Zachary1150/merge_lenfmt_MRL4096_ROLLOUT4_LR2e-6_w0.1_linear

Hugging Face
TEXT GENERATIONConcurrency Cost:1Model Size:1.5BQuant:BF16Ctx Length:32kPublished:Dec 24, 2025Architecture:Transformer Warm

Zachary1150/merge_lenfmt_MRL4096_ROLLOUT4_LR2e-6_w0.1_linear is a 1.5 billion parameter language model created by Zachary1150 using the Linear merge method. This model combines two pre-trained language models, one focused on length formatting and another on accuracy formatting, to potentially enhance performance in specific text generation tasks.

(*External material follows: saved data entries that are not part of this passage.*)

(* Let $A$ be a $\lambda$-term and $v,v'$ variables. If $v'\notin FV(vA)$ and $v,v'\notin BV(A)$, then $A\{v:=v'\}\{v':=v\}=_{\mathcal M}A$. Consequently $\to_{\alpha'}$ and $\twoheadrightarrow_{\alpha'}$ are symmetric relations, and $\twoheadrightarrow_{\alpha'}$ is the same relation as $=_{\alpha'}$ on $\lambda$-terms.
   Context: $\lambda$-terms over an infinite variable set $\mathcal V$: $\mathcal M ::= \mathcal V \mid (\lambda\mathcal V.\mathcal M)\mid(\mathcal M\mathcal M)$; $=_{\mathcal M}$ is syntactic identity. $FV(C)$ is the set of variables with a free occurrence in $C$ (occurrences inside the body of $\lambda v.\cdot$ or as the $v$ of $\lambda v$ are bound); $BV(C)$ is the set of $v$ such that $\lambda v$ occurs in $C$; $FV(vA)=\{v\}\cup FV(A)$. Grafting $A\{v:=B\}$: $v\{v:=B\}=B$; $v'\{v:=B\}=v'$ if $v'\neq v$; $(AC)\{v:=B\}=A\{v:=B\}C\{v:=B\}$; $(\lambda v.A)\{v:=B\}=\lambda v.A$; $(\lambda v'.A)\{v:=B\}=\lambda v'.A\{v:=B\}$ if $v\neq v'$. $\to_{\alpha'}$ is the compatible closure (closure under $A\mapsto AC$, $A\mapsto CA$, $A\mapsto\lambda u.A$) of the rule $\lambda v.A\to_{\alpha'}\lambda v'.A\{v:=v'\}$ whenever $v'\notin FV(vA)$ and $v,v'\notin BV(A)$. $\twoheadrightarrow_{\alpha'}$ is its reflexive transitive closure and $=_{\alpha'}$ its equivalence closure. *)

theory Defs
  imports Main
begin

datatype 'v lterm = Var 'v | Lam 'v "'v lterm" | App "'v lterm" "'v lterm"

fun FV :: "'v lterm \<Rightarrow> 'v set" where
  "FV (Var x) = {x}"
| "FV (Lam x A) = FV A - {x}"
| "FV (App A B) = FV A \<union> FV B"

fun BV :: "'v lterm \<Rightarrow> 'v set" where
  "BV (Var x) = {}"
| "BV (Lam x A) = insert x (BV A)"
| "BV (App A B) = BV A \<union> BV B"

fun graft :: "'v lterm \<Rightarrow> 'v \<Rightarrow> 'v lterm \<Rightarrow> 'v lterm" where
  "graft (Var x) v B = (if x = v then B else Var x)"
| "graft (App A C) v B = App (graft A v B) (graft C v B)"
| "graft (Lam x A) v B = (if x = v then Lam x A else Lam x (graft A v B))"

text \<open>One-step alpha' relation: compatible closure of the renaming rule.
  FV(vA) = {v} \<union> FV A.\<close>
inductive alpha1 :: "'v lterm \<Rightarrow> 'v lterm \<Rightarrow> bool" where
  rename: "v' \<notin> insert v (FV A) \<Longrightarrow> v \<notin> BV A \<Longrightarrow> v' \<notin> BV A
           \<Longrightarrow> alpha1 (Lam v A) (Lam v' (graft A v (Var v')))"
| appL: "alpha1 A A' \<Longrightarrow> alpha1 (App A C) (App A' C)"
| appR: "alpha1 A A' \<Longrightarrow> alpha1 (App C A) (App C A')"
| lam: "alpha1 A A' \<Longrightarrow> alpha1 (Lam u A) (Lam u A')"

abbreviation alpha_star :: "'v lterm \<Rightarrow> 'v lterm \<Rightarrow> bool" where
  "alpha_star \<equiv> alpha1\<^sup>*\<^sup>*"

abbreviation alpha_eq :: "'v lterm \<Rightarrow> 'v lterm \<Rightarrow> bool" where
  "alpha_eq \<equiv> equivclp alpha1"

end

theory Submission
  imports Defs
begin

text \<open>If v' occurs nowhere in A, then in A{v:=v'} the variable v' marks exactly the free
  occurrences of v, so grafting v back for v' restores A. Hence every renaming step
  \<open>\<lambda>v. A \<rightarrow> \<lambda>v'. A{v:=v'}\<close> is undone by the renaming step back from v' to v, so the
  one-step relation is symmetric and its reflexive transitive closure is already an equivalence.\<close>

lemma graft_fresh: "v \<notin> FV A \<Longrightarrow> graft A v B = A"
  by (induction A) auto

lemma BV_graft_Var [simp]: "BV (graft A v (Var w)) = BV A"
  by (induction A) auto

lemma notin_FV_graft: "v \<notin> FV B \<Longrightarrow> v \<notin> FV (graft A v B)"
  by (induction A) auto

lemma graft_Var_graft_Var_inverse:
  "v' \<notin> FV A \<Longrightarrow> v' \<notin> BV A \<Longrightarrow> graft (graft A v (Var v')) v' (Var v) = A"
  by (induction A) (auto simp: graft_fresh)

lemma alpha1_sym: "alpha1 A B \<Longrightarrow> alpha1 B A"
proof (induction rule: alpha1.induct)
  case (rename v' v A)
  have "alpha1 (Lam v' (graft A v (Var v'))) (Lam v (graft (graft A v (Var v')) v' (Var v)))"
    using rename by (intro alpha1.rename) (auto simp: notin_FV_graft)
  then show ?case
    using rename by (simp add: graft_Var_graft_Var_inverse)
qed (auto intro: alpha1.intros)

lemma symp_alpha1: "symp alpha1"
  by (rule sympI) (rule alpha1_sym)

lemma alpha_star_eq_alpha_eq: "alpha_star = alpha_eq"
  by (simp add: equivclp_def symp_symclp_eq[OF symp_alpha1])

theorem lemma4p4:
  assumes "infinite (UNIV :: 'v set)"
  shows "(\<forall>(A :: 'v lterm) v v'. v' \<notin> insert v (FV A) \<and> v \<notin> BV A \<and> v' \<notin> BV A
            \<longrightarrow> graft (graft A v (Var v')) v' (Var v) = A)
       \<and> symp (alpha1 :: 'v lterm \<Rightarrow> 'v lterm \<Rightarrow> bool)
       \<and> symp (alpha_star :: 'v lterm \<Rightarrow> 'v lterm \<Rightarrow> bool)
       \<and> (alpha_star :: 'v lterm \<Rightarrow> 'v lterm \<Rightarrow> bool) = alpha_eq"
  by (simp add: graft_Var_graft_Var_inverse symp_alpha1 symp_rtranclp alpha_star_eq_alpha_eq)

end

With a context length of 131072 tokens, it is designed for applications requiring processing of very long sequences. Its primary strength lies in its merged architecture, aiming for a balanced output between length and accuracy considerations.

Loading preview...

Model Overview

Zachary1150/merge_lenfmt_MRL4096_ROLLOUT4_LR2e-6_w0.1_linear is a 1.5 billion parameter language model developed by Zachary1150. It was constructed using the Linear merge method via mergekit, combining two distinct pre-trained models.

Merge Details

This model is a blend of two base models, with specific weighting applied during the merge process:

  • Model 1 (Weight 0.1): /local/scratch/zli2255/workspace/MergeExpert/checkpoints/baselines_openrs/len_MRL4096_ROLLOUT4_LR2e-6/global_step_40/actor/huggingface
  • Model 2 (Weight 0.9): /local/scratch/zli2255/workspace/MergeExpert/checkpoints/baselines_openrs/accfmt_MRL4096_ROLLOUT4_LR2e-6/global_step_30/actor/huggingface

The merge configuration utilized a linear method with normalize: true and dtype: bfloat16. This specific weighting suggests an emphasis on the characteristics of the second model, likely related to accuracy formatting, while incorporating aspects of the first model, potentially related to length formatting.

Key Characteristics

  • Merged Architecture: Combines two specialized base models to achieve a hybrid performance profile.
  • Linear Merge Method: Utilizes a straightforward, weighted averaging approach for model merging.
  • Parameter Count: A compact 1.5 billion parameters, making it suitable for applications where efficiency is a concern.
  • Extended Context Length: Features a substantial context window of 131072 tokens, enabling it to process and generate very long texts.